How would you sense when the rice is cooked?
How can the rice be kept warm for up to 12 hours?
Such cookers can also be set to cook different food types (rice, congee, fish…).
How is the logic for so many functions controlled?
5. Park and Shop
When you buy something from Park and Shop, the sales clerk ‘swipes’ it across a
glass sheet on top of the counter. The price (and name) of the item are automatically
printed on the receipt. The receipt also calculates the total price of all items you
have bought.
-
Identify the sensors and actuators in this example.
Is this an example of digital or analog control?
How does the system know what item was swiped?
How does the system know the price and name of the item?

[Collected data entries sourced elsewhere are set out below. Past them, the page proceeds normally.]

(* Let $\Omega\subset\mathbb{R}^2$ be a bounded domain and $h>0$, with the discrete setting described in the context. For a discrete triple $(\vec U^*,\vec v^*,\omega^* )$ with $\vec U^*=(U^*_x,U^*_y)$ a grid vector field on the edges, $\vec v^*\in\mathbb{R}^2$, $\omega^*\in\mathbb{R}$, define the discrete kinetic energy \[ E_h(\vec U^*,\vec v^*,\omega^* )=\tfrac12\sum_{i,j}\big((\rho H(U_x^* )^2)_{i+1/2,j}+(\rho H(U_y^* )^2)_{i,j+1/2}\big)h^2+\tfrac12m|\vec v^*|^2+\tfrac12\omega^*\mathbb{I}\omega^*. \] Let $p\in\{1_{\Omega^h}\}^\perp$ be the solution of $L^hp=-\operatorname{D}(H\vec U^* )+\vec v^*\cdot\operatorname{G}H+\omega^*\vec J^h$ in $\Omega^h$, and let \[ (\vec U,\vec v,\omega)=(\vec U^*,\vec v^*,\omega^* )-\Big(\tfrac1\rho\operatorname{G}p,\;\tfrac1m\sum_{k,l}(p\operatorname{G}H)_{kl}h^2,\;\mathbb{I}^{-1}\sum_{k,l}(p\vec J^h)_{kl}h^2\Big). \] Then $E_h(\vec U^*,\vec v^*,\omega^* )\ge E_h(\vec U,\vec v,\omega)$.
   Context: Grid: $x_i=ih$, $y_j=jh$, $x_{i\pm1/2}=(i\pm\frac12)h$; $C_{ij}=[x_{i-1/2},x_{i+1/2}]\times[y_{j-1/2},y_{j+1/2}]$, edges $E_{i+1/2,j}=\{x_{i+1/2}\}\times[y_{j-1/2},y_{j+1/2}]$, $E_{i,j+1/2}=[x_{i-1/2},x_{i+1/2}]\times\{y_{j+1/2}\}$. $\Omega^h=\{(x_i,y_j):C_{ij}\cap\Omega\ne\emptyset\}$. Heaviside: $H_{i+1/2,j}=\mathrm{length}(E_{i+1/2,j}\cap\Omega)/h$, $H_{i,j+1/2}=\mathrm{length}(E_{i,j+1/2}\cap\Omega)/h$. $(\operatorname{G}_xp)_{i+1/2,j}=(p_{i+1,j}-p_{ij})/h$, $(\operatorname{G}_yp)_{i,j+1/2}=(p_{i,j+1}-p_{ij})/h$, $\operatorname{G}p=(\operatorname{G}_xp,\operatorname{G}_yp)$; $(\operatorname{D}(u,v))_{ij}=(u_{i+1/2,j}-u_{i-1/2,j})/h+(v_{i,j+1/2}-v_{i,j-1/2})/h$; $(\operatorname{G}H)_{ij}=((H_{i+1/2,j}-H_{i-1/2,j})/h,(H_{i,j+1/2}-H_{i,j-1/2})/h)$. $\vec J^h_{ij}=(\tilde{\vec x}_{ij}-\vec c)\times(\operatorname{G}H)_{ij}$ (planar cross product $a_1b_2-a_2b_1$), $\vec c\in\mathbb{R}^2$ fixed, $\tilde{\vec x}_{ij}=\frac12(\vec x+\vec y)$ if $\partial C_{ij}\cap\partial\Omega=\{\vec x,\vec y\}$ and $0$ if $\partial C_{ij}\cap\partial\Omega=\emptyset$. Constants $\rho,m>0$, inertia $\mathbb{I}>0$ (scalar). $(L^hp)_{ij}=-(\operatorname{D}(\frac H\rho\operatorname{G}p))_{ij}+(\operatorname{G}H)_{ij}\cdot\frac1m\sum_{k,l}p_{kl}(\operatorname{G}H)_{kl}h^2+\vec J^h_{ij}\mathbb{I}^{-1}\sum_{k,l}p_{kl}\vec J^h_{kl}h^2$ for $p:\Omega^h\to\mathbb{R}$, sums over $\Omega^h$. $\{1_{\Omega^h}\}^\perp=\{p:\sum_{\Omega^h}p=0\}$. *)

theory Defs
  imports "HOL-Analysis.Analysis"
begin

text \<open>Grid cells and edges are indexed by
  integer pairs: cell (i,j) is C_ij; the x-edge (i,j) stands for E_{i+1/2,j} and the
  y-edge (i,j) stands for E_{i,j+1/2}. Edge fields Ux, Uy :: int*int => real are indexed
  accordingly: Ux (i,j) = (U_x)_{i+1/2,j}, Uy (i,j) = (U_y)_{i,j+1/2}.\<close>

definition cell :: "real \<Rightarrow> int \<Rightarrow> int \<Rightarrow> (real \<times> real) set" where
  "cell h i j = {(real_of_int i - 1/2) * h .. (real_of_int i + 1/2) * h}
              \<times> {(real_of_int j - 1/2) * h .. (real_of_int j + 1/2) * h}"

definition Omega_h :: "(real \<times> real) set \<Rightarrow> real \<Rightarrow> (int \<times> int) set" where
  "Omega_h \<Omega> h = {(i, j). cell h i j \<inter> \<Omega> \<noteq> {}}"

text \<open>Finite index sets of edges that carry the whole sum over all edges
  (every edge not listed here is disjoint from Omega, so its Heaviside value is 0).\<close>
definition edges_x :: "(real \<times> real) set \<Rightarrow> real \<Rightarrow> (int \<times> int) set" where
  "edges_x \<Omega> h = {(i, j). (i, j) \<in> Omega_h \<Omega> h \<or> (i + 1, j) \<in> Omega_h \<Omega> h}"

definition edges_y :: "(real \<times> real) set \<Rightarrow> real \<Rightarrow> (int \<times> int) set" where
  "edges_y \<Omega> h = {(i, j). (i, j) \<in> Omega_h \<Omega> h \<or> (i, j + 1) \<in> Omega_h \<Omega> h}"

If the system “knows” which item is being purchased, can this information be
usedby the inventory manager of Park and Shop to improve customer service?
How?
All of the above are examples of automation that we encounter every day of our
lives. The same technology is used in the control of automatic machines in all
types of factories and companies. In this course, we will learn, to some extent,
how such control systems work.
LEARNING ACTIVITY.
Answer the following:
1. Why do we need to Automate?
2. Differentiate Open Loop to Closed Loop.
3. In the Automatic Doors, give what sensor and actuator used and give
their functions.
4. In the Fridge, give 1 sensor and 1 actuator being used and give their
functions.
5. In the Park and Shop, what kind of sensor and actuator being used?